During the stay, Bob and his friends toured the area, sampling all the best the Lake Region has to offer. The Slocks stayed at the Noble House Inn. They loved the inn and the hospitality they experienced. The trio also took in a show at Stone Mountain Arts Center.

“Loved it. Carol, whom I know, treated us like royalty. I was so glad to be able to go, so part of Maine,” Bob said. “I love Bridgton, been here 35 years, and no one could take me from here.”

While the Internet was responsible for making the world a little smaller place by hooking up Bob and Freddy, they discovered just “how small the world can be,” while enjoying shakes on the Naples Causeway.

“We were sitting on a bench watching boats on Long Lake when a woman approached and asked if we had seen the Songo River Queen (which was out on a voyage at that time). The woman told us that she used to bring her mother here to watch the boats. She has since passed away because of Alzheimer’s,” Bob said. “Later, I was attending an outdoor concert at The Noble House when someone tapped me on the shoulder. It was the same woman. I found out that, like my Georgie, she is a kindergarten teacher and had applied for a position at Stevens Brook (Elementary), where Georgie taught. It really is a small world.”

Bob is forever grateful that fate and technology led him to Freddy and Rosette Slock.

“He answered my prayer, wanting to paint a portrait of my dear wife. When he told me about his granddaughter attending his art studio, I probably had the biggest smile I’ve ever had on my face because I knew I had found my artist,” Bob said.

Freddy Slock was that someone Bob thoroughly trusted to capture the essence of the love of his life.

Mother-daughter love story

NW georgie and barbaraWhen her mother — longtime local teacher Georgie Forney — died following a battle with Alzheimer’s, Barbie DelCamp decided to write a book about their journey.

Her book, “When It’s All Said and Done,” is a mother-daughter love story, and a sharing of experiences while walking through this illness.

“It is about coming to the realization that life goes on in spite of caretaking for someone who has this illness,” said Barbie, who lives in Portland and owns SweetGeorgieAnnsBookandWhatNot on Washington Avenue.

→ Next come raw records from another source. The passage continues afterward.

(* Let $n\ge 1$, $N\ge 1$, and let $F=(f_{ij})_{i,j=1}^N$ be a real symmetric positive definite matrix with $f_{ij}\le 0$ for all $i\ne j$. For variables $x_1,\dots,x_N\in\mathbb{R}^n$ define the probability measure $$d\mu(x_1,\dots,x_N) = Z^{-1} e^{-\sum_{i,j=1}^N f_{ij}\, x_i\cdot x_j/2}\, dx_1\cdots dx_N$$ on $(\mathbb{R}^n)^N$, where $Z>0$ is the normalizing constant and $dx_i$ is Lebesgue measure on $\mathbb{R}^n$, and let $E f = \int f\, d\mu$. Let $\mathcal{E}$ be the cone of non-negative (finite) linear combinations of multinomials $\prod_{1\le i\le j\le N}(x_i\cdot x_j)^{n_{i,j}}$ with integers $n_{i,j}\ge 0$. Then for all $f,g\in\mathcal{E}$, $$E f \ge 0 \quad\text{and}\quad E(fg) \ge (E f)(E g).$$
   Context: $x_i\cdot x_j$ denotes the Euclidean inner product in $\mathbb{R}^n$. *)

theory Defs
  imports "HOL-Analysis.Analysis"
begin

text \<open>Configurations (x_1,...,x_N) with x_i in R^n are elements of real^'n^'k,
  where 'k indexes 1..N and 'n indexes the coordinates of R^n.\<close>

definition gauss_weight :: "real^'k^'k \<Rightarrow> real^'n^'k \<Rightarrow> real" where
  "gauss_weight F x = exp (- (\<Sum>i\<in>UNIV. \<Sum>j\<in>UNIV. F $ i $ j * (x $ i \<bullet> x $ j)) / 2)"

definition gauss_Z :: "real^'k^'k \<Rightarrow> ('n::finite) itself \<Rightarrow> real" where
  "gauss_Z F _ = (LINT x|(lborel :: (real^'n^'k) measure). gauss_weight F x)"

definition gauss_measure :: "real^'k^'k \<Rightarrow> (real^'n^'k) measure" where
  "gauss_measure F = density lborel (\<lambda>x. ennreal (gauss_weight F x / gauss_Z F TYPE('n)))"

definition gauss_E :: "real^'k^'k \<Rightarrow> (real^'n^'k \<Rightarrow> real) \<Rightarrow> real" where
  "gauss_E F f = integral\<^sup>L (gauss_measure F) f"

definition multinomial :: "('k::{finite,linorder} \<times> 'k \<Rightarrow> nat) \<Rightarrow> ((real,'n::finite) vec, 'k) vec \<Rightarrow> real" where
  "multinomial e x = (\<Prod>p\<in>{(i,j). i \<le> j}. (x $ fst p \<bullet> x $ snd p) ^ e p)"

definition multinomial_cone :: "(((real,'n::finite) vec, 'k::{finite,linorder}) vec \<Rightarrow> real) set" where
  "multinomial_cone = {f. \<exists>S c. finite S \<and> (\<forall>e\<in>S. c e \<ge> 0) \<and>
      f = (\<lambda>x. \<Sum>e\<in>S. c e * multinomial e x)}"

end

theory Submission
  imports Defs "HOL-Probability.Probability" "HOL-Real_Asymp.Real_Asymp" "HOL-Library.Function_Algebras"
begin

(* Write the weight as exp (- x \<bullet> M x / 2), where M = F \<otimes> I_n acts on configurations
  x \<in> (R^n)^N, and expand everything in coordinate monomials x^p. Gaussian integration by
  parts along a basis direction b gives E[(b \<bullet> M x) x^p] = p_b E[x^(p - e_b)]. Since F is
  positive definite with nonpositive off-diagonal entries, F^-1 is entrywise nonnegative, so
  every coordinate x \<bullet> \<alpha> is a nonnegative combination of the b \<bullet> M x, and E[(x \<bullet> \<alpha>) x^p] is a
  nonnegative combination of moments of lower degree. Induction on the degree, together with
  the Leibniz rule for the lowering p \<mapsto> p - e_b, gives E x^p \<ge> 0 and
  E[x^p x^q] \<ge> E x^p E x^q. Both inequalities pass to nonnegative combinations of monomials,
  and every multinomial in the x_i \<bullet> x_j is such a combination. *)

lemma integrable_abs_power_gaussian:
  fixes lam s :: real
  assumes "lam > 0"
  shows "integrable lborel (\<lambda>t. \<bar>t + s\<bar> ^ k * exp (- lam * (t + s)\<^sup>2 / 2))"
proof -
  define \<sigma> where "\<sigma> = 1 / sqrt lam"
  have \<sigma>2: "\<sigma>\<^sup>2 = 1 / lam" using assms by (simp add: \<sigma>_def power_divide)
  have "integrable lborel (\<lambda>t. sqrt (2 * pi / lam) * (normal_density (- s) \<sigma> t * \<bar>t - (- s)\<bar> ^ k))"
    using assms by (intro integrable_mult_right integrable_normal_moment_abs) (simp add: \<sigma>_def)
  moreover have "sqrt (2 * pi / lam) * (normal_density (- s) \<sigma> t * \<bar>t - (- s)\<bar> ^ k)
      = \<bar>t + s\<bar> ^ k * exp (- lam * (t + s)\<^sup>2 / 2)" for t
  proof -
    have "sqrt (2 * pi / lam) * (1 / sqrt (2 * pi * \<sigma>\<^sup>2)) = 1"
      using assms by (simp add: \<sigma>2 real_sqrt_divide)
    moreover have "- (t - (- s))\<^sup>2 / (2 * \<sigma>\<^sup>2) = - lam * (t + s)\<^sup>2 / 2"
      using assms by (simp add: \<sigma>2 field_simps)
    ultimately show ?thesis
      using assms unfolding normal_density_def by (simp add: algebra_simps)
  qed
  ultimately show ?thesis by (simp only:)
qed

lemma integrable_power_dominated_by_gaussian:
  fixes E :: "real \<Rightarrow> real" and lam s :: real
  assumes "lam > 0" and "continuous_on UNIV E"
    and "\<And>t. \<bar>E t\<bar> \<le> exp (- lam * (s + t)\<^sup>2 / 2)"
  shows "integrable lborel (\<lambda>t. (s + t) ^ k * E t)"
proof (rule Bochner_Integration.integrable_bound)
  show "integrable lborel (\<lambda>t. \<bar>t + s\<bar> ^ k * exp (- lam * (t + s)\<^sup>2 / 2))"
    using integrable_abs_power_gaussian[OF assms(1)] .
  show "(\<lambda>t. (s + t) ^ k * E t) \<in> borel_measurable lborel"
    using assms(2) by (auto intro!: borel_measurable_continuous_onI continuous_intros)
  show "AE t in lborel. norm ((s + t) ^ k * E t) \<le> norm (\<bar>t + s\<bar> ^ k * exp (- lam * (t + s)\<^sup>2 / 2))"
    using assms(3) by (intro AE_I2) (simp add: abs_mult power_abs add.commute mult_left_mono)
qed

Georgie Ann Walizer Forney died at 73 years old on March 26, 2013 from Alzheimer’s and related complications. “When It’s All Said and Done” is an autobiographical account, written in a time frame beginning in 2000, until the death of Georgie Ann. It is written from a Christian believer’s point of view.

In “When It’s All Said and Done,” Barbie addresses many of the commonalities in all terminal illnesses, as she takes the reader on a sojourn through love, denial, sadness, laughter, despair, loss, grief and finally…hope. This first book is unapologetically forthright, honest and deeply personal.

Alzheimer’s, along with its effects on family caregivers and survivors, continues to be one of the fastest growing illnesses among baby-boomers. Contrary to commonly held beliefs, Alzheimer’s disease is not a “normal” part of getting older.